• _PROBLEM STATEMENT_: Would you please copy the part of the material below that opens with the line containing "by (simp only: chebT_add)" and closes with the line containing "y * chebU (k"? Copy it exactly, and only it.

____

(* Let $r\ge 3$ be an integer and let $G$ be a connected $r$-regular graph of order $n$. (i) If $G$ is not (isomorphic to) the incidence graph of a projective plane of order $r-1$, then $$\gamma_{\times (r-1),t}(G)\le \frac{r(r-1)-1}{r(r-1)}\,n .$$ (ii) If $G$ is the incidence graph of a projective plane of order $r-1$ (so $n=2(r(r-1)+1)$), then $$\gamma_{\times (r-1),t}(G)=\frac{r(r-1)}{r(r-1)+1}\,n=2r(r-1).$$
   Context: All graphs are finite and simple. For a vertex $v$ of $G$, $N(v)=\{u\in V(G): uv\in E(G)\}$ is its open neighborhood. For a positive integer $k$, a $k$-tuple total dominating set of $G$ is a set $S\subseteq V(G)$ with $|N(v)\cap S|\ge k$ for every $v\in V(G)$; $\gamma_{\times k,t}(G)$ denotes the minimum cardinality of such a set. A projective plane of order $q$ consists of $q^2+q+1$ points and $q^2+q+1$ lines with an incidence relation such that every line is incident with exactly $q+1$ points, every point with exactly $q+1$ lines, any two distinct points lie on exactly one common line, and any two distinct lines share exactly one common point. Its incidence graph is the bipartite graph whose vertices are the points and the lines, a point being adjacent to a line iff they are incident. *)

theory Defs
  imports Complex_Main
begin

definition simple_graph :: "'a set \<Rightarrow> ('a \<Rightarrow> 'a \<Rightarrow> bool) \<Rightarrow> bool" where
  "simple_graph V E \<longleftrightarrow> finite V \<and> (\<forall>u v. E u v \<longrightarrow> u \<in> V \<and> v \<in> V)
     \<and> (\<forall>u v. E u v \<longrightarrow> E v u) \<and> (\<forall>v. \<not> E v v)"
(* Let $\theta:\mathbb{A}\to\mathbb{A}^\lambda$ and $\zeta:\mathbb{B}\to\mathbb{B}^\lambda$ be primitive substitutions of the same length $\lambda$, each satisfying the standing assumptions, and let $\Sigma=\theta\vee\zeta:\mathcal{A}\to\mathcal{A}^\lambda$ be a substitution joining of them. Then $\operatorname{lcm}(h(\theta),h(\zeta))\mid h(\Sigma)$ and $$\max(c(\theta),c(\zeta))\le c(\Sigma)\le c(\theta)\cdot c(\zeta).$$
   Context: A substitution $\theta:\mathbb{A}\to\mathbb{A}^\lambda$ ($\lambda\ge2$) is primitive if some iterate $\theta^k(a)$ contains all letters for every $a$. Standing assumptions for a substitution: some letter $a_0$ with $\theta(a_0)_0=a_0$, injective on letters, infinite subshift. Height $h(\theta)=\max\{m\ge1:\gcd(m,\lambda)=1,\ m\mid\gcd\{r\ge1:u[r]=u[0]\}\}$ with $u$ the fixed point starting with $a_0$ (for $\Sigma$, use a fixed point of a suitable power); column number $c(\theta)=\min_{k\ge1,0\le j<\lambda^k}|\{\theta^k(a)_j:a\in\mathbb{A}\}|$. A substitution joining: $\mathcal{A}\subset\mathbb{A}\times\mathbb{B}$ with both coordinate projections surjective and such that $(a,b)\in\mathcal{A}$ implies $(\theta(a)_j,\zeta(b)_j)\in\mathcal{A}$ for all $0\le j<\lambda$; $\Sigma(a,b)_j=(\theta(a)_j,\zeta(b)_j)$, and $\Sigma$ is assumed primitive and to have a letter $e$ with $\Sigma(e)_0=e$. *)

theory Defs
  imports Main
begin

____

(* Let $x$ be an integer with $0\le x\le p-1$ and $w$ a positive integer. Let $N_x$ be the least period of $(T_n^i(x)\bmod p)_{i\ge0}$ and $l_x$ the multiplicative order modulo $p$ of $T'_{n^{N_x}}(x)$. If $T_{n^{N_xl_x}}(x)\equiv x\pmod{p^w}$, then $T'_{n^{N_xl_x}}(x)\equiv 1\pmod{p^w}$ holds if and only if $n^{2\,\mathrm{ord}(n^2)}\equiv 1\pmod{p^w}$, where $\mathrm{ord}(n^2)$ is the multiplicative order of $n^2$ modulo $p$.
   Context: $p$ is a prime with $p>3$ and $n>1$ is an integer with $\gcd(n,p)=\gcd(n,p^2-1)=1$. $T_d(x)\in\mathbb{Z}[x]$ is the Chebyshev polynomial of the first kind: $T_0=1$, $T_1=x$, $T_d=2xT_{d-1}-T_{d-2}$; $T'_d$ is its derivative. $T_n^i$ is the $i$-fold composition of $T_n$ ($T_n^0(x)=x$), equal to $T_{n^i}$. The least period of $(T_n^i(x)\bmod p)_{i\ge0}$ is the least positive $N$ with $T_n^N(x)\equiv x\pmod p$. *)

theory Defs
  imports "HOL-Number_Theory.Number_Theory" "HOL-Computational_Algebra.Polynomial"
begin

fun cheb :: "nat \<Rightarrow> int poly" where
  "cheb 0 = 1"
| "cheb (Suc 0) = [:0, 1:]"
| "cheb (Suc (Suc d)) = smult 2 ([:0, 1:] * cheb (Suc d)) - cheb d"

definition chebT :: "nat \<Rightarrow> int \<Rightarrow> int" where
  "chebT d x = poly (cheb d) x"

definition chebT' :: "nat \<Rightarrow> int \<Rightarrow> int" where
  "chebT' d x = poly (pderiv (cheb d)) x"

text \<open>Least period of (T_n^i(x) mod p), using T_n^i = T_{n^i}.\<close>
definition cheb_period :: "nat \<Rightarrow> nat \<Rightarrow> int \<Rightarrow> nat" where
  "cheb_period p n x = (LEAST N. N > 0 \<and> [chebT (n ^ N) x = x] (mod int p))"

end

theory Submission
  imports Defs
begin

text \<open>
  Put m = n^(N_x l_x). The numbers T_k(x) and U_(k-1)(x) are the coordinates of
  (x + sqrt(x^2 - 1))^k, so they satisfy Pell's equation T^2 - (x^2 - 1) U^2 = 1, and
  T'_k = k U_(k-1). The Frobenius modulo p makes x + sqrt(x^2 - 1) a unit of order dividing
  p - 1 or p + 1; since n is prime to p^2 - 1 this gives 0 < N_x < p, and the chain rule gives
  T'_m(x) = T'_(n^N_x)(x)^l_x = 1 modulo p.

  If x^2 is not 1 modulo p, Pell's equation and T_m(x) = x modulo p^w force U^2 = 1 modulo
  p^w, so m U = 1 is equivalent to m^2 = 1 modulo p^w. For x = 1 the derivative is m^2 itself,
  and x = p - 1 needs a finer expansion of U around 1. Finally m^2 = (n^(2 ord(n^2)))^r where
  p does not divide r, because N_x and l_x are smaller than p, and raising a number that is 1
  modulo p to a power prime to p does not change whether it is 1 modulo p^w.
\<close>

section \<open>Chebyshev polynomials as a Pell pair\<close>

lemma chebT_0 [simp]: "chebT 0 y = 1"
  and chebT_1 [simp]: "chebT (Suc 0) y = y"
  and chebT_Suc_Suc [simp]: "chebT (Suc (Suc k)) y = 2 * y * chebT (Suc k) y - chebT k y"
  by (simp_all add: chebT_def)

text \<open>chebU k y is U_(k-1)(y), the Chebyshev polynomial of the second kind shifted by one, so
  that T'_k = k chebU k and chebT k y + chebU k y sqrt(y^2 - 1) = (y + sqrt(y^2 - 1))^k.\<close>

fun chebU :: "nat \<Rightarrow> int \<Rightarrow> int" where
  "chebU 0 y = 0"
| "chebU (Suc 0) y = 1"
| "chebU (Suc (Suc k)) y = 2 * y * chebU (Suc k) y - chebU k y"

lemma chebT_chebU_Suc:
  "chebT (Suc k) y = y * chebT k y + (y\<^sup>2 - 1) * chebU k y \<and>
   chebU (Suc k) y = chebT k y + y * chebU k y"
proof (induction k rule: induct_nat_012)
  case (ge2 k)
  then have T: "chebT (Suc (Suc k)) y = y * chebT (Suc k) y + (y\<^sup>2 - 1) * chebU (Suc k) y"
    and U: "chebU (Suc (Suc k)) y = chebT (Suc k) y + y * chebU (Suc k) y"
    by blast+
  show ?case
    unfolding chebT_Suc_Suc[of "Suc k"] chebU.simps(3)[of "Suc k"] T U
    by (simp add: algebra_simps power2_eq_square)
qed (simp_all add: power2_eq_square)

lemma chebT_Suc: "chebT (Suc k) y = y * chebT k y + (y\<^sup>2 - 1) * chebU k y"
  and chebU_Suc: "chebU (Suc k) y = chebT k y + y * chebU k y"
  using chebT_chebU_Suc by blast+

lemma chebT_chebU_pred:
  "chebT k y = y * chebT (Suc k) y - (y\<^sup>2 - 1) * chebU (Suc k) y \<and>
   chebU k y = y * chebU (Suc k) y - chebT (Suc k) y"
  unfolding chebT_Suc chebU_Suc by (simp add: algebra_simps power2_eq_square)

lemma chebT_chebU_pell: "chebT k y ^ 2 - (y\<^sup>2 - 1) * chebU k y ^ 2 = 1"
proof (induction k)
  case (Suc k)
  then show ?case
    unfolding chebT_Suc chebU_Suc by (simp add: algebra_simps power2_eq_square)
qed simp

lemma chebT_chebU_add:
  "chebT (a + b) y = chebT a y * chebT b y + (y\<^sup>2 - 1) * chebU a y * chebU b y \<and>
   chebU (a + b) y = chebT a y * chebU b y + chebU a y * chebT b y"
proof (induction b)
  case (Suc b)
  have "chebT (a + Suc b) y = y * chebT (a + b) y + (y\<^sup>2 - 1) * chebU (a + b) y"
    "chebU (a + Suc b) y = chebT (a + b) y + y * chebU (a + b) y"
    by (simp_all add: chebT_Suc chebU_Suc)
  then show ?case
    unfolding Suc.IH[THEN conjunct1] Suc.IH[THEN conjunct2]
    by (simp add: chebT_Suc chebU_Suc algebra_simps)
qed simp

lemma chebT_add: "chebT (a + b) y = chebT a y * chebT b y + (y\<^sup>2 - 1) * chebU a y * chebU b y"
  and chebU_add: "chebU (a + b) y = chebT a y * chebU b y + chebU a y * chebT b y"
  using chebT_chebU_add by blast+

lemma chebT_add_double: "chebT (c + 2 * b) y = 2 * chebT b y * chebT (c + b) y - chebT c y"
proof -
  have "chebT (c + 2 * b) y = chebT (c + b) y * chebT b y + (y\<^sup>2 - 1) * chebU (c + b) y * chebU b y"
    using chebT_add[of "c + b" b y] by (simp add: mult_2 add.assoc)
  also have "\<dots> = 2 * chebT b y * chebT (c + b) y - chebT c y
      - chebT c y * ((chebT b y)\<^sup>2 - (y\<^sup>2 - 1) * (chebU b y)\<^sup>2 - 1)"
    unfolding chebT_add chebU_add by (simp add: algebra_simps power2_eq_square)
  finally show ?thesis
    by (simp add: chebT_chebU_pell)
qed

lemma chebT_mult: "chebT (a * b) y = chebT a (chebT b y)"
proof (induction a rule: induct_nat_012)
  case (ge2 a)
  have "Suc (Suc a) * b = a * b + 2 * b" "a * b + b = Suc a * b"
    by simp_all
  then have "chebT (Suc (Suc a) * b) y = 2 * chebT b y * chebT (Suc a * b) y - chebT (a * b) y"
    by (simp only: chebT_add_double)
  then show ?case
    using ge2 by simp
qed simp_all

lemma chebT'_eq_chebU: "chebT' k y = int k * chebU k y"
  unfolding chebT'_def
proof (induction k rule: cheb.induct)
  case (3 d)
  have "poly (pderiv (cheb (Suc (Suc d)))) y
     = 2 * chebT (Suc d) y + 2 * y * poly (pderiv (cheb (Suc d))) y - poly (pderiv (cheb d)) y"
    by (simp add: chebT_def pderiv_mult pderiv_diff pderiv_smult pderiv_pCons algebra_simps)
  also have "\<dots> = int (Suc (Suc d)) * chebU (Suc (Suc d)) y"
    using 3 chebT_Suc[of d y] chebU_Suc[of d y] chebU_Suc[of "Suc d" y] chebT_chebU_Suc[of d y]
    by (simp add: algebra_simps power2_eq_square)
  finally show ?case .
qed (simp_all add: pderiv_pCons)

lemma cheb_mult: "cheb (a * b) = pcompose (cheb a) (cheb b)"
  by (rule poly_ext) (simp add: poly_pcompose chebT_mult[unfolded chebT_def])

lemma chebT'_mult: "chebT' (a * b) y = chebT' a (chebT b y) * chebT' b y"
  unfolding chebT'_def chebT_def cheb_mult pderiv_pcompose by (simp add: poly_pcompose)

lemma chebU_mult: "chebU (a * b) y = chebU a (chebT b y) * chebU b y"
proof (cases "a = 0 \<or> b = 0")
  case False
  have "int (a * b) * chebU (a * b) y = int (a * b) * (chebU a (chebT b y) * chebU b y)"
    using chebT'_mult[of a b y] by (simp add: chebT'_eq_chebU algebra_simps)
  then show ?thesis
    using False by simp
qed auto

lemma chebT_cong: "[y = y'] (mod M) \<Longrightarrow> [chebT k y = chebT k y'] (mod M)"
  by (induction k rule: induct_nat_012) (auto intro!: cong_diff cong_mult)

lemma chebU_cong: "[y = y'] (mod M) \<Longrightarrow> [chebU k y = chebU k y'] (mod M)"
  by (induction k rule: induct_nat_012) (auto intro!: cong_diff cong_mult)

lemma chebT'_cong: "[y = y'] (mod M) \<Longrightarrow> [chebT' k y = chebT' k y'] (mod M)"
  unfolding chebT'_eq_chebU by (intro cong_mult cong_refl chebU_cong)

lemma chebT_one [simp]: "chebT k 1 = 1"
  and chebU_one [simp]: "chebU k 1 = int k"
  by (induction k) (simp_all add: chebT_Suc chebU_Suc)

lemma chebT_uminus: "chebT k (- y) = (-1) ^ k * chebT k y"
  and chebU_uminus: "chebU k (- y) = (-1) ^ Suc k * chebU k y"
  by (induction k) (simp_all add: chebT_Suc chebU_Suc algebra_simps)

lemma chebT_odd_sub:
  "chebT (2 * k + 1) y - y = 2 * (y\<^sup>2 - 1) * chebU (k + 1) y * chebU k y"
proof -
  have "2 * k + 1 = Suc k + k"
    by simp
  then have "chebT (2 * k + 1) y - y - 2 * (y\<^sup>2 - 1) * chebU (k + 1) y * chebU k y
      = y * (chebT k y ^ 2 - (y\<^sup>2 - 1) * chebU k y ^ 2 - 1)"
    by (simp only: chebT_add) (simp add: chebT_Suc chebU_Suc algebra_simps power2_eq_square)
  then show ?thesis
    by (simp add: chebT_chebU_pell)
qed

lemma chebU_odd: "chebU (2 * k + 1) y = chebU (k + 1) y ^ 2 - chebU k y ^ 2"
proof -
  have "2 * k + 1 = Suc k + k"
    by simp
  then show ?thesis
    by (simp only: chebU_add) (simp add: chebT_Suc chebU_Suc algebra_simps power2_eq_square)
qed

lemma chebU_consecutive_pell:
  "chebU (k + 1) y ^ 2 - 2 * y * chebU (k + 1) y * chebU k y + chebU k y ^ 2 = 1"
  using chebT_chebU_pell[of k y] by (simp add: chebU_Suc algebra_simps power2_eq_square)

____

• _ANSWER SPACE_:
    by (simp only: chebT_add) (simp add: chebT_Suc chebU_Suc algebra_simps power2_eq_square)
  then show ?thesis
    by (simp add: chebT_chebU_pell)
qed

lemma chebU_odd: "chebU (2 * k + 1) y = chebU (k + 1) y ^ 2 - chebU k y ^ 2"
proof -
  have "2 * k + 1 = Suc k + k"
    by simp
  then show ?thesis
    by (simp only: chebU_add) (simp add: chebT_Suc chebU_Suc algebra_simps power2_eq_square)
qed

lemma chebU_consecutive_pell:
  "chebU (k + 1) y ^ 2 - 2 * y * chebU (k + 1) y * chebU k y + chebU k y ^ 2 = 1"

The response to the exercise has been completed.